“These two actions are connected, as we would not need to review strategic alternatives if Google hadn’t launched AI Overviews,” Chief Executive Officer Nathan Schultz said on Monday. “Traffic is being blocked from ever coming to Chegg because of Google’s AIO and their use of Chegg’s content to keep visitors on their own platform,” he added.
Chegg shares fell 18% in after-hours trading following the announcement, making it one of the worst performing stocks in the Russell 3000 Index. The stock has lost about 95% of its value since OpenAI first revealed its ChatGPT tool in 2022. Google didn’t immediately respond to a request for comment.

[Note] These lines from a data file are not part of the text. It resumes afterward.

(* For $d=4$ the set $A(\sigma_\bullet,(2,0))$ is connected, and for $d=5$ the set $A(\sigma_\bullet,(2,1))$ is connected.
   Context: Identify a monic real polynomial $Q_d=x^d+\sum_{j=0}^{d-1}a_jx^j$ with its coefficient vector $(a_{d-1},\ldots,a_0)\in\mathbb{R}^d$. $\sigma_\bullet=(+,-,+,+,\ldots,+,+,-,+)$ denotes the sign pattern of length $d+1$ in which the coefficients of $x^{d-1}$ and $x^1$ are negative and all other coefficients are positive; for $d=4$ it is $(+,-,+,-,+)$ and for $d=5$ it is $(+,-,+,+,-,+)$. $A(\sigma_\bullet,(2,d-4))$ is the set of monic degree-$d$ polynomials with all coefficients non-zero with signs given by $\sigma_\bullet$ (i.e. $\operatorname{sign}(a_j)$ equals the entry of $\sigma_\bullet$ corresponding to $x^j$), having exactly two positive and exactly $d-4$ negative roots, all real roots simple, and exactly one pair of complex conjugate non-real roots. *)

theory Defs
  imports "HOL-Analysis.Analysis" "HOL-Computational_Algebra.Polynomial"
begin

definition sigma_bullet :: "nat \<Rightarrow> nat \<Rightarrow> real" where
  "sigma_bullet d j = (if j = d - 1 \<or> j = 1 then -1 else 1)"

definition A_set :: "nat \<Rightarrow> (nat \<Rightarrow> real) \<Rightarrow> nat \<Rightarrow> nat \<Rightarrow> real poly set" where
  "A_set d \<sigma> pos neg = {p. degree p = d \<and> lead_coeff p = 1
     \<and> (\<forall>j\<le>d. sgn (coeff p j) = \<sigma> j)
     \<and> card {x::real. x > 0 \<and> poly p x = 0} = pos
     \<and> card {x::real. x < 0 \<and> poly p x = 0} = neg
     \<and> (\<forall>x::real. poly p x = 0 \<longrightarrow> order x p = 1)
     \<and> card {z::complex. Im z \<noteq> 0 \<and> poly (map_poly complex_of_real p) z = 0} = 2}"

Google’s conduct “threatens to leave the public with an increasingly unrecognizable internet experience, in which users never leave Google’s walled garden and receive only synthetic, error-ridden answers in response to their queries — a once robust but now hollowed-out information ecosystem of little use and unworthy of trust,” Chegg said in its lawsuit. Website publishers have complained that Google’s dominance in search — which a federal court ruled last year is an illegal monopoly — is giving it an advantage in the ongoing AI wars, Bloomberg has reported.
Many publishers block the bots that AI companies use to “crawl,” or visit, millions of websites, gathering data that then helps train their commercial AI models. But most cannot afford to block Google’s main crawler, called Googlebot, which the tech giant uses not just to index sites so they can appear as results in Google search, but also to help it display the AI-powered summaries that are now shown at the top of Google’s search results page. Content creators have argued that these summaries obviate the need for people to visit their sites directly, costing them web traffic and users.

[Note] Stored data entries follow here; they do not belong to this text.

text \<open>Complex Hilbert spaces (HOL-Analysis only provides real inner product spaces):
  a complete real normed space with a complex scalar multiplication extending the real one
  and a complex inner product (linear in the second argument) inducing the norm.\<close>

class complex_hilbert = real_normed_vector + complete_space +
  fixes scaleC :: "complex \<Rightarrow> 'a \<Rightarrow> 'a"
    and cinner :: "'a \<Rightarrow> 'a \<Rightarrow> complex"
  assumes scaleC_add_right: "scaleC a (x + y) = scaleC a x + scaleC a y"
    and scaleC_add_left: "scaleC (a + b) x = scaleC a x + scaleC b x"
    and scaleC_scaleC: "scaleC a (scaleC b x) = scaleC (a * b) x"
    and scaleC_one: "scaleC 1 x = x"
    and scaleR_scaleC: "scaleR r x = scaleC (of_real r) x"
    and cinner_conj_commute: "cinner x y = cnj (cinner y x)"
    and cinner_add_right: "cinner x (y + z) = cinner x y + cinner x z"
    and cinner_scaleC_right: "cinner x (scaleC a y) = a * cinner x y"
    and cinner_ge_zero: "Im (cinner x x) = 0 \<and> Re (cinner x x) \<ge> 0"
    and cinner_eq_zero_iff: "cinner x x = 0 \<longleftrightarrow> x = 0"
    and norm_eq_sqrt_cinner: "norm x = sqrt (Re (cinner x x))"

text \<open>k-linear forms on a vector space with scalar multiplication sc, represented as
  functions of the argument tuple (w 0, ..., w (k-1)).\<close>

definition multilinear_form ::
  "('f::field \<Rightarrow> 'a::ab_group_add \<Rightarrow> 'a) \<Rightarrow> nat \<Rightarrow> ((nat \<Rightarrow> 'a) \<Rightarrow> 'f) \<Rightarrow> bool" where
  "multilinear_form sc k T \<longleftrightarrow>
     (\<forall>w w'. (\<forall>i<k. w i = w' i) \<longrightarrow> T w = T w') \<and>
     (\<forall>i<k. \<forall>w u v a b. T (w(i := sc a u + sc b v)) = a * T (w(i := u)) + b * T (w(i := v)))"

definition symmetric_form :: "nat \<Rightarrow> ((nat \<Rightarrow> 'a) \<Rightarrow> 'f) \<Rightarrow> bool" where
  "symmetric_form k T \<longleftrightarrow> (\<forall>p w. p permutes {..<k} \<longrightarrow> T (w \<circ> p) = T w)"

definition form_norm :: "nat \<Rightarrow> ((nat \<Rightarrow> 'a::real_normed_vector) \<Rightarrow> 'f::real_normed_field) \<Rightarrow> real" where
  "form_norm k T = Sup {norm (T w) | w. \<forall>i<k. norm (w i) \<le> 1}"

definition bounded_form :: "nat \<Rightarrow> ((nat \<Rightarrow> 'a::real_normed_vector) \<Rightarrow> 'f::real_normed_field) \<Rightarrow> bool" where
  "bounded_form k T \<longleftrightarrow> bdd_above {norm (T w) | w. \<forall>i<k. norm (w i) \<le> 1}"

text \<open>Symmetric projective tensor norm of x_1 v ... v x_k (arguments x 0, ..., x (k-1)),
  computed by duality with continuous symmetric k-linear forms of norm one.\<close>

definition pi_s ::
  "('f::real_normed_field \<Rightarrow> 'a::real_normed_vector \<Rightarrow> 'a) \<Rightarrow> nat \<Rightarrow> (nat \<Rightarrow> 'a) \<Rightarrow> real" where
  "pi_s sc k x = Sup {norm (T x) | T. multilinear_form sc k T \<and> symmetric_form k T \<and>
                       bounded_form k T \<and> form_norm k T = 1}"

end

(*
  If pi_s(x) = 1, the supremum defining pi_s is attained: the symmetric k-linear forms bounded by
  the product of the norms form a compact set in the product topology, so one of them satisfies
  T(x) = 1. Freezing all but three arguments of T at the x_m yields a symmetric trilinear form S of
  norm at most one with S(y1, y2, y3) = 1 for unit vectors y1, y2, y3. A functional of norm c that
  takes the value c at a unit vector y is c <y, .>; applied to S(y1, y2, .) and to the
  polarizations S(y1 +- y2, y1 +- y2, .) (over C also S(y1 +- i y2, y1 +- i y2, .)) this expresses
  S(y1, y1, .) through inner products. Over R, comparing the triples (y1, y2, y3) and (y1, z, z),
  z the normalized y2 + y3, puts y1 into span {y2, y3}, so no three of the x_m are independent.
  Over C one gets S(y1, y1, .) = conj <y1, y2> <y3, .>, and comparing permuted triples forces any
  two of the x_m to be collinear.
  Conversely, if the x_m lie on a complex line C b, the form prod_m <b, w_m> attains 1 at x; if
  they lie in a real plane with orthonormal basis e1, e2, identify the plane with C through
  w -> <e1, w> + i <e2, w> and take the real part of a suitably rotated product of these
  coordinates.
*)

theory Submission
  imports Defs
begin

interpretation cvs: vector_space "scaleC :: complex \<Rightarrow> 'a::complex_hilbert \<Rightarrow> 'a"
  by unfold_locales (simp_all add: scaleC_add_right scaleC_add_left scaleC_scaleC scaleC_one)

lemma scaleC_of_real: "scaleC (complex_of_real r) x = r *\<^sub>R (x::'a::complex_hilbert)"
  by (simp add: scaleR_scaleC)

lemma cinner_add_left: "cinner (x + y) (z::'a::complex_hilbert) = cinner x z + cinner y z"
  by (subst (1 2 3) cinner_conj_commute) (simp add: cinner_add_right)

lemma cinner_scaleC_left: "cinner (scaleC a x) (y::'a::complex_hilbert) = cnj a * cinner x y"
  by (subst (1 2) cinner_conj_commute) (simp add: cinner_scaleC_right)

lemma cinner_diff_right: "cinner x (y - z) = cinner x y - cinner x (z::'a::complex_hilbert)"
  using cinner_add_right[of x "y - z" z] by simp

lemma cinner_diff_left: "cinner (y - z) x = cinner y x - cinner z (x::'a::complex_hilbert)"
  using cinner_add_left[of "y - z" z x] by simp

lemmas cinner_simps = cinner_add_left cinner_add_right cinner_diff_left cinner_diff_right
  cinner_scaleC_left cinner_scaleC_right

lemma cinner_self: "cinner x x = complex_of_real ((norm (x::'a::complex_hilbert))\<^sup>2)"
  using cinner_ge_zero[of x] norm_eq_sqrt_cinner[of x] by (simp add: complex_eq_iff)

lemma cinner_self_eq_1: "norm x = 1 \<Longrightarrow> cinner x (x::'a::complex_hilbert) = 1"
  by (simp add: cinner_self)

Santa Clara, California-based Chegg also posted a first-quarter sales outlook that missed consensus expectations. Schultz said Google’s AI Overviews had a “clear” impact on Chegg. “Our non-subscriber traffic plummeted to negative 49% in January 2025, down significantly from the modest 8% decline we reported in 2Q 2024,” he said.
Chegg filed its lawsuit in Washington DC, where a federal judge last year ruled that Google has illegally monopolized the online search market. The Justice Department has asked the court to impose a raft of conditions on Google to remedy the illegal conduct, including limits on its acquisitions related to AI and more fulsome opt-outs for websites from Google’s AI products. Judge Amit Mehta plans to hold a several-week hearing on the remedy proposal beginning in April.
The lawsuit by Chegg is the latest by smaller tech companies in the wake of last year’s landmark antitrust ruling against Google. Online review site- and longtime Google critic- Yelp Inc. also sued the search giant for alleged antitrust violations last year.